Говоря так, она вышла и приказала, чтобы сестры отвели Маркету в келью, где нет окна. Маркета заточена, как и ее возлюбленный.

Мать настоятельница прогуливалась по саду. Был теплый вечер. Словно миро, осыпалась пыльца первых сумерек. Была весна. Ну, это шаткий довод для снисходительного отношения к распутнице, которая не раскаивается ни в чем! Девка! Это ее всхлипы и вздохи слышны сейчас? Нет, ничего, право, ничего, тихо повсюду. Тишина и спокойствие.

О люди, в головокружительном могуществе своем вы хотели бы сделать все, что в ваших силах, но — увы! — не все в вашей власти! Не все, ибо распоряжаетесь вы лишь бренным телом. Вы распоряжаетесь, а бог повелевает. Водит он душу тайными путями и велит ей совершать деяния, зачастую неописуемые и преужасные. Вы полагаете, что разгадали тайны мира? О гордыня, неужели не слышишь ты шипения змия, который уже близко?

Настоятельница молилась, чтоб господь послал ей смирение и мудрость. И стало так, что какая-то мысль — может, божья, а может, измышление нечистого — вынудила ее пойти и отворить Маркетину келью. Она застала грешницу стоящей на коленях. Настоятельница взяла ее за руку и молвила:

«Откуда рождаются мысли, посещающие нас? Ни ты, ни я — ничего мы не знаем об этом. Словно стрелы, вонзаются они в наш мозг, но кто их выпускает, какой лучник? Голубушка моя, не смею я присваивать себе право быть строгой без кротости. Ежели бы пожелал господь, он отвел бы мысль, которою ты одержима, в сторону, и пришла бы она в голову барашку либо собаке. Не вправе я спрашивать, отчего он так поступает, не вправе я препятствовать делам, ежели бог пожелал, чтобы были они совершены. Чего же ты колеблешься? Встань и иди, куда влечет тебя сердце. Чувствую я, что настает миг, когда исполнится несчастье твое и несчастье Миколаша. Видно, призывает тебя господь, дабы покрыть вас пеленою покаяния, видно, установил он, дабы оба вы воззвали к нему единым гласом».

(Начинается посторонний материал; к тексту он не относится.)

lemma hadamard_geodesic_projection_ex1:
  fixes \<gamma> :: "real \<Rightarrow> 'a::metric_space"
  assumes had: "hadamard_space (UNIV :: 'a set)" and geod: "unit_speed_geodesic I \<gamma>"
    and "closed I" and "a \<in> I"
  shows "\<exists>!p. p \<in> \<gamma> ` I \<and> (\<forall>z\<in>\<gamma> ` I. dist q p \<le> dist q z)"
proof -
  obtain s where s: "s \<in> I" "\<forall>u\<in>I. dist q (\<gamma> s) \<le> dist q (\<gamma> u)"
    using unit_speed_geodesic_projection_exists[OF geod \<open>closed I\<close> \<open>a \<in> I\<close>] by blast
  have "s' = s" if "s' \<in> I" "\<forall>z\<in>\<gamma> ` I. dist q (\<gamma> s') \<le> dist q z" for s'
    using hadamard_geodesic_projection_unique[OF had geod _ _ s] that by blast
  thus ?thesis
    using s by (intro ex1I[of _ "\<gamma> s"]) blast+
qed

lemma hadamard_geodesic_projection_pointwise_bound:
  fixes \<gamma> :: "real \<Rightarrow> 'a::metric_space"
  assumes had: "hadamard_space (UNIV :: 'a set)" and geod: "unit_speed_geodesic I \<gamma>"
    and "0 \<in> I" and s: "s \<in> I" "0 \<le> s" and min: "\<forall>u\<in>I. dist q (\<gamma> s) \<le> dist q (\<gamma> u)"
    and t: "t \<in> I"
  shows "dist q (\<gamma> 0) * of_bool (t = 0) + dist (\<gamma> s) (\<gamma> 0) * (of_bool (t < 0) - of_bool (0 < t))
      + (dist q (\<gamma> s) + dist (\<gamma> s) (\<gamma> 0) - dist (\<gamma> t) (\<gamma> 0))
        * indicator {0<..dist q (\<gamma> s) + dist (\<gamma> s) (\<gamma> 0)} t
    \<le> dist (\<gamma> t) q - dist (\<gamma> t) (\<gamma> 0)"
proof -
  have dist_s: "dist (\<gamma> s) (\<gamma> 0) = s" and dist_t: "dist (\<gamma> t) (\<gamma> 0) = \<bar>t\<bar>"
    using unit_speed_geodesicD[OF geod] \<open>0 \<in> I\<close> s t by auto
  have near: "dist q (\<gamma> s) \<le> dist q (\<gamma> t)"
    using min t by blast
  have "(t - s)\<^sup>2 \<le> (dist q (\<gamma> t))\<^sup>2"
    using hadamard_dist_geodesic_projection_ge[OF had geod s(1) min t] zero_le_power2[of "dist q (\<gamma> s)"]
    by linarith
  hence far: "\<bar>t - s\<bar> \<le> dist q (\<gamma> t)"
    using power2_le_imp_le[of "\<bar>t - s\<bar>" "dist q (\<gamma> t)"] by (simp only: power2_abs zero_le_dist)
  consider "t < 0" | "t = 0" | "0 < t" "t \<le> dist q (\<gamma> s) + s" | "dist q (\<gamma> s) + s < t"
    by linarith
  thus ?thesis
  proof cases
    case 4
    hence "0 < t"
      using zero_le_dist[of q "\<gamma> s"] \<open>0 \<le> s\<close> by linarith
    thus ?thesis
      using 4 far by (simp add: indicator_def dist_s dist_t dist_commute[of "\<gamma> t" q])
  qed (use near far \<open>0 \<le> s\<close> in \<open>simp_all add: indicator_def dist_s dist_t dist_commute[of "\<gamma> _" q]\<close>)
qed

lemma hadamard_geodesic_projection_AE_bound:
  fixes \<gamma> :: "real \<Rightarrow> 'a::metric_space" and Y :: "'b \<Rightarrow> 'a"
  assumes had: "hadamard_space (UNIV :: 'a set)" and geod: "unit_speed_geodesic I \<gamma>"
    and "0 \<in> I" and s: "s \<in> I" "0 \<le> s" and min: "\<forall>u\<in>I. dist q (\<gamma> s) \<le> dist q (\<gamma> u)"
    and Y_on: "AE \<omega> in M. Y \<omega> \<in> \<gamma> ` I"
  shows "AE \<omega> in M. dist q (\<gamma> 0) * of_bool (Y \<omega> = \<gamma> 0)
      + dist (\<gamma> s) (\<gamma> 0) * (of_bool (inv_into I \<gamma> (Y \<omega>) < 0) - of_bool (0 < inv_into I \<gamma> (Y \<omega>)))
      + (dist q (\<gamma> s) + dist (\<gamma> s) (\<gamma> 0) - dist (Y \<omega>) (\<gamma> 0))
        * indicator {0<..dist q (\<gamma> s) + dist (\<gamma> s) (\<gamma> 0)} (inv_into I \<gamma> (Y \<omega>))
    \<le> dist (Y \<omega>) q - dist (Y \<omega>) (\<gamma> 0)"
  using Y_on
proof eventually_elim
  case (elim \<omega>)
  then obtain t where t: "t \<in> I" "Y \<omega> = \<gamma> t"
    by blast
  have "inv_into I \<gamma> (Y \<omega>) = t" and "\<gamma> t = \<gamma> 0 \<longleftrightarrow> t = 0"
    using t \<open>0 \<in> I\<close> unit_speed_geodesic_inj_on[OF geod] by (auto simp: inj_on_eq_iff)
  thus ?case
    using hadamard_geodesic_projection_pointwise_bound[OF had geod \<open>0 \<in> I\<close> s min t(1)] t(2) by simp
qed
(* Let $\phi:\mathbb{R}^\ell\to[0,\infty)$ be continuously differentiable and let $H=\prod_{i=1}^\ell[a_i,b_i]$ with $a_i<b_i$ be a hyperrectangle with corners $z_1,\dots,z_{2^\ell}$ and side lengths $\delta z_i=b_i-a_i$, $i=1,\dots,\ell$. Let $L_1,\dots,L_\ell$ satisfy $L_i\ge|(\nabla\phi(z))_i|$ for all $z\in H$ and $i=1,\dots,\ell$. Let $\tau\in\mathbb{R}$ and $\gamma^*\ge\max_{i=1,\dots,2^\ell}\phi(z_i)$. If $$\sum_{j=1}^\ell L_j\,\delta z_j<2\gamma^*+2\tau-\frac{2\sum_{i=1}^{2^\ell}\phi(z_i)}{2^\ell},$$ then $\phi(z)<\gamma^*+\tau$ for all $z\in H$. *)

theory Defs
  imports "HOL-Analysis.Analysis"
begin

end

theory Submission
  imports Defs
begin

text \<open>
  By the mean value theorem, \<open>\<phi> z \<le> \<phi> c + (\<Sum>j. L\<^sub>j \<bar>z\<^sub>j - c\<^sub>j\<bar>)\<close> for every point \<open>z\<close> and every
  corner \<open>c\<close> of the box. Averaging over the \<open>2\<^sup>\<ell>\<close> corners, and pairing each corner with its
  mirror image in coordinate \<open>j\<close>, the mean of \<open>\<bar>z\<^sub>j - c\<^sub>j\<bar>\<close> is exactly \<open>\<delta>z\<^sub>j / 2\<close>. Hence
  \<open>\<phi> z\<close> is at most the mean corner value plus \<open>(\<Sum>j. L\<^sub>j \<delta>z\<^sub>j) / 2\<close>, which the hypothesis bounds
  by \<open>\<gamma>\<^sup>* + \<tau>\<close>. The bound \<open>\<gamma>\<^sup>*\<close> on the corner values, the nonnegativity of \<open>\<phi>\<close> and the
  continuity of the gradient are not needed.
\<close>

lemma diff_le_sum_gradient_bound:
  fixes f :: "real^'n \<Rightarrow> real" and G :: "real^'n \<Rightarrow> real^'n"
  assumes "convex S" "x \<in> S" "y \<in> S"
    and deriv: "\<And>u. u \<in> S \<Longrightarrow> (f has_derivative (\<lambda>h. G u \<bullet> h)) (at u)"
    and bound: "\<And>u i. u \<in> S \<Longrightarrow> \<bar>G u $ i\<bar> \<le> L $ i"
  shows "f y - f x \<le> (\<Sum>i\<in>UNIV. L $ i * \<bar>y $ i - x $ i\<bar>)"
proof -
  define p where "p t = x + t *\<^sub>R (y - x)" for t
  have p_in: "p t \<in> S" if "0 \<le> t" "t \<le> 1" for t
    using convexD_alt[OF assms(1-3) that] by (simp add: p_def algebra_simps)
  have p_deriv: "((f \<circ> p) has_real_derivative G (p t) \<bullet> (y - x)) (at t)"
    if "0 \<le> t" "t \<le> 1" for t
  proof -
    have "(p has_derivative (\<lambda>h. h *\<^sub>R (y - x))) (at t)"
      unfolding p_def by (auto intro!: derivative_eq_intros)
    from has_derivative_compose[OF this deriv[OF p_in[OF that]]]
    show ?thesis
      by (simp add: has_field_derivative_def o_def mult_commute_abs)
  qed
  then obtain s where s: "0 < s" "s < 1" and mvt: "f y - f x = G (p s) \<bullet> (y - x)"
    using MVT2[of 0 1 "f \<circ> p", OF _ p_deriv] by (auto simp: p_def)
  note mvt
  also have "\<dots> = (\<Sum>i\<in>UNIV. G (p s) $ i * (y $ i - x $ i))"
    by (simp add: inner_vec_def)
  also have "\<dots> \<le> (\<Sum>i\<in>UNIV. L $ i * \<bar>y $ i - x $ i\<bar>)"
  proof (rule sum_mono)
    fix i
    have "G (p s) $ i * (y $ i - x $ i) \<le> \<bar>G (p s) $ i\<bar> * \<bar>y $ i - x $ i\<bar>"
      by (metis abs_ge_self abs_mult)
    also have "\<dots> \<le> L $ i * \<bar>y $ i - x $ i\<bar>"
      using bound[OF p_in] s by (intro mult_right_mono) auto
    finally show "G (p s) $ i * (y $ i - x $ i) \<le> L $ i * \<bar>y $ i - x $ i\<bar>" .
  qed
  finally show ?thesis .
qed

lemma vec_components_eq_image_PiE:
  "{x::'a^'n. \<forall>j. x $ j \<in> A j} = vec_lambda ` (\<Pi>\<^sub>E j\<in>UNIV. A j)"
proof (intro set_eqI iffI)
  fix x :: "'a^'n"
  assume "x \<in> {x. \<forall>j. x $ j \<in> A j}"
  then have "vec_nth x \<in> (\<Pi>\<^sub>E j\<in>UNIV. A j)" by auto
  then show "x \<in> vec_lambda ` (\<Pi>\<^sub>E j\<in>UNIV. A j)"
    by (metis image_eqI vec_nth_inverse)
qed auto

lemma card_vec_components:
  "card {x::'a^'n. \<forall>j. x $ j \<in> A j} = (\<Prod>j\<in>UNIV. card (A j))"
proof -
  have "inj_on vec_lambda (\<Pi>\<^sub>E j\<in>UNIV. A j)"
    by (rule inj_onI) (metis vec_lambda_inverse UNIV_I)
  then show ?thesis
    by (simp add: vec_components_eq_image_PiE card_image card_PiE)
qed

definition box_corners :: "'a^'n \<Rightarrow> 'a^'n \<Rightarrow> ('a^'n) set" where
  "box_corners a b = {x. \<forall>j. x $ j = a $ j \<or> x $ j = b $ j}"

lemma box_corners_component: "c \<in> box_corners a b \<Longrightarrow> c $ j = a $ j \<or> c $ j = b $ j"
  by (simp add: box_corners_def)

lemma box_corners_eq_vec_components: "box_corners a b = {x. \<forall>j. x $ j \<in> {a $ j, b $ j}}"
  by (simp add: box_corners_def)

lemma finite_box_corners: "finite (box_corners a b)"
  unfolding box_corners_eq_vec_components vec_components_eq_image_PiE
  by (intro finite_imageI finite_PiE) auto

lemma card_box_corners:
  fixes a b :: "'a^'n"
  assumes "\<And>j. a $ j \<noteq> b $ j"
  shows "card (box_corners a b) = 2 ^ CARD('n)"
  using assms unfolding box_corners_eq_vec_components card_vec_components
  by (simp add: numeral_2_eq_2)

lemma box_corners_subset_cbox:
  fixes a b :: "real^'n"
  assumes "\<And>j. a $ j \<le> b $ j"
  shows "box_corners a b \<subseteq> cbox a b"
proof
  fix x assume "x \<in> box_corners a b"
  then have "x $ j = a $ j \<or> x $ j = b $ j" for j
    by (rule box_corners_component)
  then show "x \<in> cbox a b"
    using assms by (auto simp: interval_cart) (metis order_refl)+
qed

lemma card_box_corners_pos: "card (box_corners a b) > 0"
  using finite_box_corners[of a b] by (auto simp: card_gt_0_iff box_corners_def)

lemma sum_plus_involution:
  fixes f :: "'a \<Rightarrow> 'b::comm_semiring_1"
  assumes "\<And>c. c \<in> C \<Longrightarrow> \<sigma> c \<in> C" "\<And>c. c \<in> C \<Longrightarrow> \<sigma> (\<sigma> c) = c"
  shows "2 * sum f C = (\<Sum>c\<in>C. f c + f (\<sigma> c))"
proof -
  have "sum f C = sum (f \<circ> \<sigma>) C"
    by (rule sum.reindex_bij_witness[where i = \<sigma> and j = \<sigma>]) (use assms in auto)
  then show ?thesis
    by (simp add: mult_2 sum.distrib)
qed

lemma sum_box_corners_dist_component:
  fixes a b z :: "real^'n"
  assumes "a $ j \<le> z $ j" "z $ j \<le> b $ j"
  shows "(\<Sum>c\<in>box_corners a b. \<bar>z $ j - c $ j\<bar>) = card (box_corners a b) * (b $ j - a $ j) / 2"
proof -
  define mirror :: "real^'n \<Rightarrow> real^'n"
    where "mirror c = (\<chi> k. if k = j then a $ j + b $ j - c $ j else c $ k)" for c
  have "2 * (\<Sum>c\<in>box_corners a b. \<bar>z $ j - c $ j\<bar>)
      = (\<Sum>c\<in>box_corners a b. \<bar>z $ j - c $ j\<bar> + \<bar>z $ j - mirror c $ j\<bar>)"
  proof (rule sum_plus_involution)
    fix c assume "c \<in> box_corners a b"
    then have corner: "c $ k = a $ k \<or> c $ k = b $ k" for k
      by (rule box_corners_component)
    then show "mirror c \<in> box_corners a b" "mirror (mirror c) = c"
      by (auto simp: box_corners_def mirror_def vec_eq_iff) (metis corner)
  qed
  also have "\<dots> = (\<Sum>c\<in>box_corners a b. b $ j - a $ j)"
  proof (rule sum.cong[OF refl])
    fix c assume "c \<in> box_corners a b"
    then have "c $ j = a $ j \<or> c $ j = b $ j"
      by (rule box_corners_component)
    then show "\<bar>z $ j - c $ j\<bar> + \<bar>z $ j - mirror c $ j\<bar> = b $ j - a $ j"
      using assms by (auto simp: mirror_def)
  qed
  finally show ?thesis by simp
qed

lemma le_box_corners_average:
  fixes f :: "real^'n \<Rightarrow> real" and G :: "real^'n \<Rightarrow> real^'n"
  assumes ab: "\<And>j. a $ j \<le> b $ j"
    and deriv: "\<And>u. u \<in> cbox a b \<Longrightarrow> (f has_derivative (\<lambda>h. G u \<bullet> h)) (at u)"
    and bound: "\<And>u i. u \<in> cbox a b \<Longrightarrow> \<bar>G u $ i\<bar> \<le> L $ i"
    and z: "z \<in> cbox a b"
  shows "f z \<le> (\<Sum>c\<in>box_corners a b. f c) / card (box_corners a b)
                + (\<Sum>j\<in>UNIV. L $ j * (b $ j - a $ j)) / 2"
proof -
  let ?C = "box_corners a b"
  let ?N = "real (card ?C)"
  have "?N * f z = (\<Sum>c\<in>?C. f z)"
    by simp
  also have "\<dots> \<le> (\<Sum>c\<in>?C. f c + (\<Sum>j\<in>UNIV. L $ j * \<bar>z $ j - c $ j\<bar>))"
    using diff_le_sum_gradient_bound[OF convex_box(1) _ z deriv bound]
      box_corners_subset_cbox[OF ab]
    by (intro sum_mono) (simp add: subset_iff diff_le_eq add.commute)
  also have "\<dots> = (\<Sum>c\<in>?C. f c) + (\<Sum>j\<in>UNIV. L $ j * (\<Sum>c\<in>?C. \<bar>z $ j - c $ j\<bar>))"
    by (simp add: sum.distrib sum_distrib_left sum.swap[of _ ?C])
  also have "\<dots> = (\<Sum>c\<in>?C. f c) + (\<Sum>j\<in>UNIV. L $ j * (?N * (b $ j - a $ j) / 2))"
  proof -
    have mean_dist: "(\<Sum>c\<in>?C. \<bar>z $ j - c $ j\<bar>) = ?N * (b $ j - a $ j) / 2" for j
      using z by (intro sum_box_corners_dist_component) (auto simp: interval_cart)
    show ?thesis
      by (simp add: mean_dist)
  qed
  also have "\<dots> = (\<Sum>c\<in>?C. f c) + ?N * (\<Sum>j\<in>UNIV. L $ j * (b $ j - a $ j)) / 2"
    by (simp add: sum_distrib_left sum_divide_distrib mult.left_commute)
  finally show ?thesis
    using card_box_corners_pos[of a b] by (simp add: field_simps)
qed

theorem lemma3p10:
  fixes \<phi> :: "real^'n \<Rightarrow> real"
    and G :: "real^'n \<Rightarrow> real^'n"
    and a b L :: "real^'n"
    and \<tau> \<gamma> :: real
  assumes nonneg: "\<And>x. \<phi> x \<ge> 0"
    and grad: "\<And>x. (\<phi> has_derivative (\<lambda>h. G x \<bullet> h)) (at x)"
    and grad_cont: "continuous_on UNIV G"
    and ab: "\<And>i. a $ i < b $ i"
    and L: "\<And>z i. z \<in> {x. \<forall>j. a $ j \<le> x $ j \<and> x $ j \<le> b $ j} \<Longrightarrow> L $ i \<ge> \<bar>G z $ i\<bar>"
    and gamma: "\<And>z. z \<in> {x. \<forall>j. x $ j = a $ j \<or> x $ j = b $ j} \<Longrightarrow> \<gamma> \<ge> \<phi> z"
    and hyp: "(\<Sum>j\<in>UNIV. L $ j * (b $ j - a $ j))
              < 2 * \<gamma> + 2 * \<tau>
                - 2 * (\<Sum>z\<in>{x. \<forall>j. x $ j = a $ j \<or> x $ j = b $ j}. \<phi> z) / 2 ^ CARD('n)"
  shows "\<forall>z\<in>{x. \<forall>j. a $ j \<le> x $ j \<and> x $ j \<le> b $ j}. \<phi> z < \<gamma> + \<tau>"
  unfolding interval_cart(2)[symmetric]
proof
  fix z assume "z \<in> cbox a b"
  then have "\<phi> z \<le> (\<Sum>c\<in>box_corners a b. \<phi> c) / card (box_corners a b)
                    + (\<Sum>j\<in>UNIV. L $ j * (b $ j - a $ j)) / 2"
    using ab L by (intro le_box_corners_average[OF less_imp_le grad]) (auto simp: interval_cart)
  also have "card (box_corners a b) = 2 ^ CARD('n)"
    using ab by (simp add: card_box_corners less_imp_neq)
  finally show "\<phi> z < \<gamma> + \<tau>"
    using hyp by (simp add: box_corners_def)
qed

end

Говоря так, растворила настоятельница двери.

Маркета благодарит ее, и все, что она произносит, так трогательно, что мать настоятельница не смогла сдержать слез.

И плакали они, словно две сестрицы.

Потом собралась несчастная в путь-дорогу и пошла искрящейся звездами ночью прямо к воротам города. Подошла она к ним, когда светало. Пришлось ей ждать, пока выйдет караульщик и спросит, что принесла она на продажу или что ей надобно. Одета она была как крестьянка и плакала, так что красота ее померкла, и лоно ее отягощено было бременем. Мог ли караульщик впустить бедняжку без допроса?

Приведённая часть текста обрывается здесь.